# Work request:
Find every line below with the word "close". Then give only how many there are.
====== Records for the task ======
lemma horn_sols_pair_support_bound:
  assumes h: "h \<in> horn_puiseux_sols {i, j} b c" and det: "b i $ 1 * b j $ 2 - b i $ 2 * b j $ 1 \<noteq> 0"
    and ha: "h a \<noteq> 0"
  defines "K \<equiv> \<bar>b i $ 1\<bar> + \<bar>b i $ 2\<bar> + \<bar>b j $ 1\<bar> + \<bar>b j $ 2\<bar>"
  shows "\<exists>x y. x < nat (K * K) \<and> y < nat (K * K) \<and>
           lin_form (b i) (c i) a = of_nat x \<and> lin_form (b j) (c j) a = of_nat y"
proof -
  define \<alpha> where "\<alpha> = \<bar>b j $ 1\<bar> + \<bar>b j $ 2\<bar>"
  define \<beta> where "\<beta> = \<bar>b i $ 1\<bar> + \<bar>b i $ 2\<bar>"
  define \<phi> where "\<phi> x = of_int \<alpha> * Re (lin_form (b i) (c i) x) + of_int \<beta> * Re (lin_form (b j) (c j) x)"
    for x
  define S where "S = {x. h x \<noteq> 0}"
  have "finite S" "a \<in> S"
    using h ha by (auto simp: S_def horn_puiseux_sols_def)
  then have "Max (\<phi> ` S) \<in> \<phi> ` S"
    by (intro Max_in) auto
  then obtain m where m: "m \<in> S" "\<phi> m = Max (\<phi> ` S)"
    by auto
  then have max: "\<phi> x \<le> \<phi> m" if "h x \<noteq> 0" for x
    using that \<open>finite S\<close> by (simp add: S_def)
  obtain mi mj where mi: "int mi < \<alpha> + \<beta>" "lin_form (b i) (c i) m = of_nat mi"
    and mj: "int mj < \<alpha> + \<beta>" "lin_form (b j) (c j) m = of_nat mj"
    using horn_sols_pair_maximiser_bound[OF h det _ max[unfolded \<phi>_def \<alpha>_def \<beta>_def]] m(1)
    unfolding \<alpha>_def \<beta>_def S_def by blast
  obtain x y where x: "lin_form (b i) (c i) a = of_nat x" and y: "lin_form (b j) (c j) a = of_nat y"
    using horn_sols_pair_support(1,2)[OF h ha] by (auto elim!: Nats_cases)
  have "real_of_int (\<alpha> * x + \<beta> * y) \<le> real_of_int (\<alpha> * mi + \<beta> * mj)"
    using max[OF ha] unfolding \<phi>_def x y mi(2) mj(2) by simp
  then have ineq: "\<alpha> * x + \<beta> * y \<le> \<alpha> * mi + \<beta> * mj"
    by (simp only: of_int_le_iff)
  have "1 \<le> \<alpha>" "1 \<le> \<beta>"
    using horn_sols_pair_support(3)[OF h ha, of 1] by (auto simp: \<alpha>_def \<beta>_def mult_less_0_iff)
  moreover have "K = \<alpha> + \<beta>"
    by (simp add: K_def \<alpha>_def \<beta>_def)
  ultimately have "int x < K * K" "int y < K * K"
    using int_weighted_sum_le_bound[OF _ _ ineq] mi(1) mj(1) by simp_all
  with x y show ?thesis
    by (intro exI[of _ x] exI[of _ y]) auto
qed

lemma lin_form_pair_inj:
  assumes "u $ 1 * v $ 2 - u $ 2 * v $ 1 \<noteq> 0"
  shows "inj (\<lambda>a. (lin_form u \<gamma> a, lin_form v \<delta> a))"
proof (rule injI)
  fix a a' :: "complex^2"
  define e where "e k = a $ k - a' $ k" for k
  assume "(lin_form u \<gamma> a, lin_form v \<delta> a) = (lin_form u \<gamma> a', lin_form v \<delta> a')"
  then have eu: "of_int (u $ 1) * e 1 + of_int (u $ 2) * e 2 = 0"
    and ev: "of_int (v $ 1) * e 1 + of_int (v $ 2) * e 2 = 0"
    by (auto simp: e_def lin_form_def algebra_simps)
  define D :: complex where "D = of_int (u $ 1 * v $ 2 - u $ 2 * v $ 1)"
  have "D \<noteq> 0"
    using assms by (simp only: D_def of_int_eq_0_iff not_False_eq_True)
  have "D * e 1 = of_int (v $ 2) * (of_int (u $ 1) * e 1 + of_int (u $ 2) * e 2)
      - of_int (u $ 2) * (of_int (v $ 1) * e 1 + of_int (v $ 2) * e 2)"
    by (simp add: D_def algebra_simps)
  also have "\<dots> = 0"
    by (simp only: eu ev) simp
  finally have "e 1 = 0"
    using \<open>D \<noteq> 0\<close> by simp
  have "D * e 2 = of_int (u $ 1) * (of_int (v $ 1) * e 1 + of_int (v $ 2) * e 2)
      - of_int (v $ 1) * (of_int (u $ 1) * e 1 + of_int (u $ 2) * e 2)"
    by (simp add: D_def algebra_simps)
  also have "\<dots> = 0"
    by (simp only: eu ev) simp
  finally have "e 2 = 0"
    using \<open>D \<noteq> 0\<close> by simp
  with \<open>e 1 = 0\<close> have "a $ 1 = a' $ 1" "a $ 2 = a' $ 2"
    by (simp_all add: e_def)
  then show "a = a'"
    by (simp add: vec_eq_iff forall_2)
qed

lemma horn_sols_pair_finite_support:
  fixes b :: "'n::finite \<Rightarrow> int^2"
  assumes g: "generic_params b c" and ij: "i \<noteq> j"
  shows "finite (\<Union>h\<in>horn_puiseux_sols {i, j} b c. {a. h a \<noteq> 0})"
proof (cases "b i $ 1 * b j $ 2 - b i $ 2 * b j $ 1 = 0")
  case True
  have "h a = 0" if "h \<in> horn_puiseux_sols {i, j} b c" for h a
  proof (rule ccontr)
    assume "h a \<noteq> 0"
    then have "a \<in> integral_locus b c {i, j}"
      using horn_sols_pair_support_locus[OF that] by blast
    with True show False
      using generic_params_pair_det[OF g ij] by blast
  qed
  then show ?thesis
    by simp
next
  case False
  define K where "K = \<bar>b i $ 1\<bar> + \<bar>b i $ 2\<bar> + \<bar>b j $ 1\<bar> + \<bar>b j $ 2\<bar>"
  define X where "X = (of_nat :: nat \<Rightarrow> complex) ` {..<nat (K * K)}"
  have "(\<Union>h\<in>horn_puiseux_sols {i, j} b c. {a. h a \<noteq> 0}) \<subseteq>
      (\<lambda>a. (lin_form (b i) (c i) a, lin_form (b j) (c j) a)) -` (X \<times> X)"
    using horn_sols_pair_support_bound[where i = i and j = j and b = b and c = c, OF _ False]
    by (fastforce simp: X_def K_def)
  moreover have "finite ((\<lambda>a. (lin_form (b i) (c i) a, lin_form (b j) (c j) a)) -` (X \<times> X))"
    by (intro finite_vimageI lin_form_pair_inj False) (simp add: X_def)
  ultimately show ?thesis
    by (rule finite_subset)
qed

lemma horn_sols_on_pair_locus_dim:
  fixes b :: "'n::finite \<Rightarrow> int^2"
  assumes g: "generic_params b c" and ij: "i \<noteq> j"
  shows "fun_space.dim {f \<in> horn_puiseux_sols UNIV b c. {a. f a \<noteq> 0} \<subseteq> integral_locus b c {i, j}} =
         fun_space.dim (horn_puiseux_sols {i, j} b c)"
  unfolding horn_sols_pair_embedding_image[OF g ij, symmetric]
proof (rule fun_space_dim_image_eq[OF mult_fun_module_hom])
  have "fun_space.span (horn_puiseux_sols {i, j} b c) = horn_puiseux_sols {i, j} b c"
    by (simp add: horn_sols_subspace)
  then show "inj_on (\<lambda>h a. gamma_weight (UNIV - {i, j}) b c a * h a)
      (fun_space.span (horn_puiseux_sols {i, j} b c))"
    using horn_sols_pair_embedding_inj[OF g ij] by (simp only:)
qed

lemma horn_sols_on_pair_locus_finite_support:
  fixes b :: "'n::finite \<Rightarrow> int^2"
  assumes g: "generic_params b c" and ij: "i \<noteq> j"
  shows "finite (\<Union>f\<in>{f \<in> horn_puiseux_sols UNIV b c. {a. f a \<noteq> 0} \<subseteq> integral_locus b c {i, j}}.
                   {a. f a \<noteq> 0})"
  unfolding horn_sols_pair_embedding_image[OF g ij, symmetric]
  by (rule finite_subset[OF _ horn_sols_pair_finite_support[OF g ij]]) auto

lemma horn_sols_dim_eq_sum_pairs:
  fixes b :: "'n::{finite,linorder} \<Rightarrow> int^2"
  assumes g: "generic_params b c"
  shows "fun_space.dim (horn_puiseux_sols UNIV b c) =
           (\<Sum>(i, j)\<in>{(i, j). i < j}. fun_space.dim (horn_puiseux_sols {i, j} b c))"
proof -
  let ?V = "horn_puiseux_sols UNIV b c" and ?A = "\<lambda>(i, j). integral_locus b c {i, j}"
  have "fun_space.dim ?V = (\<Sum>p\<in>{(i, j). i < j}. fun_space.dim {f \<in> ?V. {a. f a \<noteq> 0} \<subseteq> ?A p})"
  proof (rule fun_space_dim_eq_sum_dim_disjoint_supports)
    show "disjoint_family_on ?A {(i, j). i < j}"
      by (rule integral_locus_pairs_disjoint[OF g])
    show "{a. f a \<noteq> 0} \<subseteq> (\<Union>p\<in>{(i, j). i < j}. ?A p)" if f: "f \<in> ?V" for f
    proof
      fix a assume "a \<in> {a. f a \<noteq> 0}"
      then obtain i j where "i < j" "a \<in> integral_locus b c {i, j}"
        using horn_sols_full_support[OF f] by blast
      then show "a \<in> (\<Union>p\<in>{(i, j). i < j}. ?A p)"
        by (intro UN_I[of "(i, j)"]) auto
    qed
    show "restrict0 (?A p) f \<in> ?V" if "f \<in> ?V" for f p
      by (cases p) (simp add: horn_sols_restrict0[OF that integral_locus_diff_axis])
    show "finite (\<Union>f\<in>{f \<in> ?V. {a. f a \<noteq> 0} \<subseteq> ?A p}. {a. f a \<noteq> 0})" if "p \<in> {(i, j). i < j}" for p
      using that horn_sols_on_pair_locus_finite_support[OF g] by auto
  qed simp
  also have "\<dots> = (\<Sum>(i, j)\<in>{(i, j). i < j}. fun_space.dim (horn_puiseux_sols {i, j} b c))"
    using horn_sols_on_pair_locus_dim[OF g] by (intro sum.cong) auto
  finally show ?thesis .
qed

theorem lemma6p2:
  fixes B :: "int^2^('n::{finite,linorder})"
  assumes "CARD('n) > 2"
    and "rank (\<chi> j k. real_of_int (B $ j $ k)) = 2"
    and "(\<Sum>j\<in>UNIV. B $ j) = 0"
  shows "\<exists>E :: (complex^('n::{finite,linorder})) set. E \<in> null_sets lborel \<and>
           (\<forall>c. c \<notin> E \<longrightarrow>
              horn_rank_p UNIV (\<lambda>j. B $ j) (\<lambda>j. c $ j) =
              (\<Sum>(i, j)\<in>{(i, j). i < j}. horn_rank_p {i, j} (\<lambda>j. B $ j) (\<lambda>j. c $ j)))"
proof -
  obtain E :: "(complex^('n::{finite,linorder})) set" where E: "E \<in> null_sets lborel"
    and generic: "\<And>c. c \<notin> E \<Longrightarrow> generic_params (\<lambda>j. B $ j) (\<lambda>j. c $ j)"
    using generic_params_almost_everywhere by blast
  have "horn_rank_p UNIV (\<lambda>j. B $ j) (\<lambda>j. c $ j) =
      (\<Sum>(i, j)\<in>{(i, j). i < j}. horn_rank_p {i, j} (\<lambda>j. B $ j) (\<lambda>j. c $ j))" if "c \<notin> E" for c
    using horn_sols_dim_eq_sum_pairs[OF generic[OF that]] by (simp add: horn_rank_p_def)
  with E show ?thesis
    by blast
qed

end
======
# Answer to the exercise:
4